LockBit Strikes Again: Advanced Computer Software Group Slammed with £3.07M Fine for NHS Data Breach!
The UK ICO slapped a £3.07 million fine on Advanced Computer Software Group Ltd for a 2022 ransomware attack. The breach exposed sensitive data of NHS patients, highlighting Advanced’s security shortcomings like poor vulnerability scanning and inadequate patch management. This marks the first UK fine on a data processor rather than a data controller.
Hot Take:
Well, it looks like Advanced Computer Software Group Ltd needs to update their software from ‘Advanced’ to ‘Actually Secure.’ The Information Commissioner’s Office (ICO) just handed them a £3.07 million slap on the wrist for exposing 79,404 people’s data to some digital hoodlums. Advanced might want to start scanning for vulnerabilities with something other than their security team’s bifocals.
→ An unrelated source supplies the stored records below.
(* For all integers $m\ge0$: (i) for all $n\ge0$, $r_{2n}(-q^m,q)=(q;q^2)_n\,T_m(1,-q^{2n},q)$; (ii) for all $n\ge1$, $r_{2n-1}(-q^m,q)=(q;q^2)_n\,U_{m-1}(1,-q^{2n},q)$; (iii) for all $n\ge0$, $r_n(q^{2m+1},q^2)=(-q;q)_n\,V_m(1,-q^n,-q)$.
   Context: $q$ is an indeterminate. $(x;q)_n=\prod_{j=0}^{n-1}(1-q^jx)$; the Gaussian binomial coefficient is $\begin{bmatrix} n\\ j\end{bmatrix}_q=\frac{(q;q)_n}{(q;q)_j(q;q)_{n-j}}$ for $0\le j\le n$ and $0$ otherwise; $r_n(s,q)=\sum_{j=0}^n\begin{bmatrix} n\\ j\end{bmatrix}_q s^j$. The $q$-Chebyshev polynomials are defined by recurrences in $m$: $T_0(x,s,q)=1$, $T_1(x,s,q)=x$, $T_m(x,s,q)=(1+q^{m-1})xT_{m-1}(x,s,q)+q^{m-1}sT_{m-2}(x,s,q)$ for $m\ge2$; $U_{-1}(x,s,q)=0$, $U_0(x,s,q)=1$, $U_m(x,s,q)=(1+q^m)xU_{m-1}(x,s,q)+q^{m-1}sU_{m-2}(x,s,q)$ for $m\ge1$; $V_0(x,s,q)=1$, $V_1(x,s,q)=(1+q)x+qs$, $V_m(x,s,q)=(1+q^{2m-1})xV_{m-1}(x,s,q)-q^{2m-1}s^2V_{m-2}(x,s,q)$ for $m\ge2$. In (iii), $V_m(1,-q^n,-q)$ means $V_m(x,s,p)$ evaluated at $x=1$, $s=-q^n$, $p=-q$. *)

theory Defs
  imports "HOL-Computational_Algebra.Polynomial"
begin

text \<open>The indeterminate q is modelled as the polynomial variable [:0,1:] over the rationals.\<close>

definition qX :: "rat poly" where "qX = [:0, 1:]"

definition qpoch :: "'a::comm_ring_1 \<Rightarrow> 'a \<Rightarrow> nat \<Rightarrow> 'a" where
  "qpoch x q n = (\<Prod>j<n. (1 - q ^ j * x))"

text \<open>Gaussian binomial coefficient (exact polynomial division).\<close>
definition gbinom :: "rat poly \<Rightarrow> nat \<Rightarrow> nat \<Rightarrow> rat poly" where
  "gbinom q n j = (if j \<le> n then qpoch q q n div (qpoch q q j * qpoch q q (n - j)) else 0)"

definition rpoly :: "nat \<Rightarrow> rat poly \<Rightarrow> rat poly \<Rightarrow> rat poly" where
  "rpoly n s q = (\<Sum>j=0..n. gbinom q n j * s ^ j)"

fun qT :: "nat \<Rightarrow> 'a::comm_ring_1 \<Rightarrow> 'a \<Rightarrow> 'a \<Rightarrow> 'a" where
  "qT 0 x s q = 1"
| "qT (Suc 0) x s q = x"
| "qT (Suc (Suc m)) x s q =
     (1 + q ^ (Suc m)) * x * qT (Suc m) x s q + q ^ (Suc m) * s * qT m x s q"

text \<open>U_m for m \<ge> 0; U_{-1} = 0 is used for the value U_1 = (1+q)x.\<close>
fun qU :: "nat \<Rightarrow> 'a::comm_ring_1 \<Rightarrow> 'a \<Rightarrow> 'a \<Rightarrow> 'a" where
  "qU 0 x s q = 1"
| "qU (Suc 0) x s q = (1 + q) * x"
| "qU (Suc (Suc m)) x s q =
     (1 + q ^ (Suc (Suc m))) * x * qU (Suc m) x s q + q ^ (Suc m) * s * qU m x s q"

definition qUm1 :: "nat \<Rightarrow> 'a::comm_ring_1 \<Rightarrow> 'a \<Rightarrow> 'a \<Rightarrow> 'a" where
  "qUm1 m x s q = (if m = 0 then 0 else qU (m - 1) x s q)"

fun qV :: "nat \<Rightarrow> 'a::comm_ring_1 \<Rightarrow> 'a \<Rightarrow> 'a \<Rightarrow> 'a" where
  "qV 0 x s q = 1"
| "qV (Suc 0) x s q = (1 + q) * x + q * s"
| "qV (Suc (Suc m)) x s q =
     (1 + q ^ (2 * Suc (Suc m) - 1)) * x * qV (Suc m) x s q
     - q ^ (2 * Suc (Suc m) - 1) * s ^ 2 * qV m x s q"

end

theory Submission
  imports Defs
begin

text \<open>The r_n are the Rogers-Szego polynomials H_n(s) = sum_j [n,j]_q s^j. Besides the
  q-Pascal rule H_{n+1}(s) = s H_n(s) + H_n(qs) they satisfy the q-difference equation
  H_{n+1}(s) - H_{n+1}(qs) = s (1 - q^{n+1}) H_n(s). For fixed n, these turn s = -q^m into a
  pair of coupled first-order recurrences in m, equivalent to the second-order recurrences
  defining T_m and U_{m-1} with s = -q^{2n}; similarly s = q^{2m+1} in base q^2 leads to the
  recurrence of V_m. The initial values are Gauss's evaluation H_{2n}(-1) = (q;q^2)_n,
  H_{2n+1}(-1) = 0 and its analogue H_n(q) = (-q;q)_n in base q^2.\<close>

fun qbinom :: "'a::comm_ring_1 \<Rightarrow> nat \<Rightarrow> nat \<Rightarrow> 'a" where
  "qbinom Q 0 j = (if j = 0 then 1 else 0)"
| "qbinom Q (Suc n) 0 = 1"
| "qbinom Q (Suc n) (Suc j) = qbinom Q n j + Q ^ Suc j * qbinom Q n (Suc j)"

lemma qbinom_0_right [simp]: "qbinom Q n 0 = 1"
  by (cases n) auto

lemma qbinom_eq_0: "n < j \<Longrightarrow> qbinom Q n j = 0"
proof (induction n arbitrary: j)
  case (Suc n)
  then obtain j' where "j = Suc j'" by (cases j) auto
  with Suc show ?case by simp
qed simp

lemma qpoch_0 [simp]: "qpoch x q 0 = 1"
  by (simp add: qpoch_def)

lemma qpoch_Suc: "qpoch x q (Suc n) = qpoch x q n * (1 - q ^ n * x)"
  by (simp add: qpoch_def)

lemma qpoch_self_Suc: "qpoch Q Q (Suc n) = qpoch Q Q n * (1 - Q ^ Suc n)"
  by (simp add: qpoch_Suc mult.commute)

lemma qbinom_mult_qpoch:
  "j \<le> n \<Longrightarrow> qbinom Q n j * (qpoch Q Q j * qpoch Q Q (n - j)) = qpoch Q Q n"
proof (induction n arbitrary: j)
  case (Suc n)
  show ?case
  proof (cases j)
    case (Suc i)
    consider "i = n" | "i < n" using Suc \<open>j \<le> Suc n\<close> by linarith
    then show ?thesis
    proof cases
      case 1
      then show ?thesis
        using Suc.IH[of n] \<open>j = Suc i\<close> by (simp add: qbinom_eq_0 qpoch_self_Suc) (metis mult.assoc)
    next
      case 2
      define k where "k = n - Suc i"
      have n_eq: "n - i = Suc k" "Suc n - Suc i = Suc k" "Suc i + Suc k = Suc n"
        using 2 by (simp_all add: k_def)
      then have pow: "Q ^ Suc i * Q ^ Suc k = Q ^ Suc n"
        by (metis power_add)
      define X where "X = qpoch Q Q n"
      have IH1: "qbinom Q n i * (qpoch Q Q i * (qpoch Q Q k * (1 - Q ^ Suc k))) = X"
        using Suc.IH[of i] 2 by (simp add: n_eq qpoch_self_Suc X_def)
      have IH2: "qbinom Q n (Suc i) * (qpoch Q Q i * (1 - Q ^ Suc i) * qpoch Q Q k) = X"
        using Suc.IH[of "Suc i"] 2 by (simp add: k_def qpoch_self_Suc X_def)
      \<comment> \<open>the two q-Pascal summands contribute the fractions 1 - q^{i+1} and q^{i+1}(1 - q^{n-i}) of the result\<close>
      have "qbinom Q (Suc n) j * (qpoch Q Q j * qpoch Q Q (Suc n - j))
          = (1 - Q ^ Suc i) * (qbinom Q n i * (qpoch Q Q i * (qpoch Q Q k * (1 - Q ^ Suc k))))
            + Q ^ Suc i * (1 - Q ^ Suc k) * (qbinom Q n (Suc i) * (qpoch Q Q i * (1 - Q ^ Suc i) * qpoch Q Q k))"
        by (simp add: \<open>j = Suc i\<close> n_eq qpoch_self_Suc algebra_simps)
      also have "\<dots> = X * (1 - Q ^ Suc i * Q ^ Suc k)"
        by (simp only: IH1 IH2) (simp add: algebra_simps)
      also have "\<dots> = qpoch Q Q (Suc n)"
        by (simp only: pow X_def qpoch_self_Suc)
      finally show ?thesis .
    qed
  qed simp
qed simp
I mean, who needs universal multi-factor authentication when you have a security system as tough as wet tissue paper, right?
Key Points:
– Advanced Computer Software Group Ltd fined £3.07 million by the ICO.
– The 2022 ransomware attack affected 79,404 individuals, including NHS patients.
– LockBit ransomware group exploited compromised credentials.
– ICO criticized Advanced for poor vulnerability scanning and inadequate patch management.
– The fine marks the first ICO penalty imposed on a data processor, not a data controller.